An exact copy of the lines from the one containing "(fst v = fst u \<and> snd v" through the last line below is required; include both of those lines and no others.

┌──

(* Let $\xi$ be a positive random variable with $\mathbb{E}(\xi^\eta)=\infty$ for some $\eta<1$. Then for every $p\in[0,1)$, $$\mathbb{P}^\Lambda_p(o\leftrightarrow\infty)=0\quad\text{for }\upsilon_\xi\text{-almost every environment }\Lambda.$$
   Context: Let $\xi$ be a positive random variable and let $\xi_1,\xi_2,\dots$ be i.i.d. copies of $\xi$. Set $x_0=0$ and $x_k=x_{k-1}+\xi_k$ for $k\ge1$, and let $\Lambda=\{x_0,x_1,x_2,\dots\}\subseteq\mathbb{R}$ (the environment); $\upsilon_\xi$ denotes the law of $\Lambda$. Given $\Lambda$, let $\mathcal{L}_\Lambda$ be the graph with vertex set $\{(x_i,n): i\in\mathbb{Z}_+,\ n\in\mathbb{Z}_+\}\subseteq\mathbb{R}^2$ (with $\mathbb{Z}_+=\{0,1,2,\dots\}$) and edge set $\{\{(x_i,n),(x_j,m)\}: |i-j|+|n-m|=1\}$. For $p\in[0,1]$, $\mathbb{P}^\Lambda_p$ is the probability measure on $\{0,1\}^{E(\mathcal{L}_\Lambda)}$ under which the edges are independently open with probability $p_e=p^{|e|}$, where $|e|$ is the Euclidean length of $e$ (so vertical edges have length $1$, and horizontal edges between the $i$-th and $(i+1)$-th column have length $\xi_{i+1}$). Let $o=(0,0)$ and let $\{o\leftrightarrow\infty\}$ be the event that the open cluster of $o$ is infinite. *)

theory Defs
  imports "HOL-Probability.Probability"
begin

text \<open>Vertices of the lattice L_Lambda are indexed by (i,n) :: nat \<times> nat, standing for
  the point (x_i, n).  Edges are indexed by (b,i,n) :: bool \<times> nat \<times> nat:
  (True,i,n) is the horizontal edge between (i,n) and (i+1,n);
  (False,i,n) is the vertical edge between (i,n) and (i,n+1).
  The environment is given by the sequence of gaps xs, where xs k = xi_(k+1),
  so x_i = sum of xs k for k < i.\<close>

type_synonym edge = "bool \<times> nat \<times> nat"
type_synonym vertex = "nat \<times> nat"

definition edge_length :: "(nat \<Rightarrow> real) \<Rightarrow> edge \<Rightarrow> real" where
  "edge_length xs e = (case e of (True, i, n) \<Rightarrow> xs i | (False, i, n) \<Rightarrow> 1)"

definition edge_prob :: "real \<Rightarrow> (nat \<Rightarrow> real) \<Rightarrow> edge \<Rightarrow> real" where
  "edge_prob p xs e = (case e of (True, i, n) \<Rightarrow> p powr (xs i) | (False, i, n) \<Rightarrow> p)"

definition perc_measure :: "real \<Rightarrow> (nat \<Rightarrow> real) \<Rightarrow> (edge \<Rightarrow> bool) measure" where
  "perc_measure p xs = (\<Pi>\<^sub>M e\<in>UNIV. measure_pmf (bernoulli_pmf (edge_prob p xs e)))"

definition open_adj :: "(edge \<Rightarrow> bool) \<Rightarrow> vertex \<Rightarrow> vertex \<Rightarrow> bool" where
  "open_adj w u v =
     ((fst v = Suc (fst u) \<and> snd v = snd u \<and> w (True, fst u, snd u)) \<or>
      (fst u = Suc (fst v) \<and> snd v = snd u \<and> w (True, fst v, snd v)) \<or>
      (fst v = fst u \<and> snd v = Suc (snd u) \<and> w (False, fst u, snd u)) \<or>
      (fst v = fst u \<and> snd u = Suc (snd v) \<and> w (False, fst v, snd v)))"

definition open_cluster :: "(edge \<Rightarrow> bool) \<Rightarrow> vertex \<Rightarrow> vertex set" where
  "open_cluster w v = {u. (open_adj w)\<^sup>*\<^sup>* v u}"

definition percolates :: "(edge \<Rightarrow> bool) set" where
  "percolates = {w. infinite (open_cluster w (0, 0))}"

end

theory Submission
  imports Defs
begin

text \<open>If at some height \<open>k < H\<close> all vertical edges above the columns \<open>0..n\<close> are
  closed, and so are all horizontal edges leaving column \<open>n\<close> to the right below height \<open>H\<close>,
  then the cluster of the origin stays in the box \<open>[0,n] \<times> [0,k]\<close>. Hence
  \<open>P(o \<leftrightarrow> \<infinity>) \<le> (1 - (1-p)^(n+1))^H + H p^\<xi>\<^sub>n\<^sub>+\<^sub>1\<close> for all \<open>n\<close> and \<open>H\<close>.
  If the gap \<open>\<xi>\<^sub>n\<^sub>+\<^sub>1\<close> is at least \<open>K(n+1)\<close>, where \<open>p^K = (1-p)/4\<close>, then
  \<open>H \<approx> (n+1)/(1-p)^(n+1)\<close> makes this bound at most \<open>2/(n+1)\<close>.
  Since \<open>E \<xi>\<^sup>\<eta> = \<infinity>\<close> with \<open>\<eta> < 1\<close> forces \<open>E \<xi> = \<infinity>\<close>, the probabilities
  \<open>P(\<xi> \<ge> K(n+1))\<close> are not summable, so by the second Borel--Cantelli lemma such long
  gaps occur for infinitely many \<open>n\<close> in almost every environment.\<close>

section \<open>Measurability of percolation\<close>

lemma space_perc_measure [simp]: "space (perc_measure p xs) = UNIV"
  by (simp add: perc_measure_def space_PiM)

└──

[TASK RESPONSE]:
      (fst v = fst u \<and> snd v = Suc (snd u) \<and> w (False, fst u, snd u)) \<or>
      (fst v = fst u \<and> snd u = Suc (snd v) \<and> w (False, fst v, snd v)))"

definition open_cluster :: "(edge \<Rightarrow> bool) \<Rightarrow> vertex \<Rightarrow> vertex set" where
  "open_cluster w v = {u. (open_adj w)\<^sup>*\<^sup>* v u}"

definition percolates :: "(edge \<Rightarrow> bool) set" where
  "percolates = {w. infinite (open_cluster w (0, 0))}"

end

theory Submission
  imports Defs
begin

text \<open>If at some height \<open>k < H\<close> all vertical edges above the columns \<open>0..n\<close> are
  closed, and so are all horizontal edges leaving column \<open>n\<close> to the right below height \<open>H\<close>,
  then the cluster of the origin stays in the box \<open>[0,n] \<times> [0,k]\<close>. Hence
  \<open>P(o \<leftrightarrow> \<infinity>) \<le> (1 - (1-p)^(n+1))^H + H p^\<xi>\<^sub>n\<^sub>+\<^sub>1\<close> for all \<open>n\<close> and \<open>H\<close>.
  If the gap \<open>\<xi>\<^sub>n\<^sub>+\<^sub>1\<close> is at least \<open>K(n+1)\<close>, where \<open>p^K = (1-p)/4\<close>, then
  \<open>H \<approx> (n+1)/(1-p)^(n+1)\<close> makes this bound at most \<open>2/(n+1)\<close>.
  Since \<open>E \<xi>\<^sup>\<eta> = \<infinity>\<close> with \<open>\<eta> < 1\<close> forces \<open>E \<xi> = \<infinity>\<close>, the probabilities
  \<open>P(\<xi> \<ge> K(n+1))\<close> are not summable, so by the second Borel--Cantelli lemma such long
  gaps occur for infinitely many \<open>n\<close> in almost every environment.\<close>

section \<open>Measurability of percolation\<close>

lemma space_perc_measure [simp]: "space (perc_measure p xs) = UNIV"
  by (simp add: perc_measure_def space_PiM)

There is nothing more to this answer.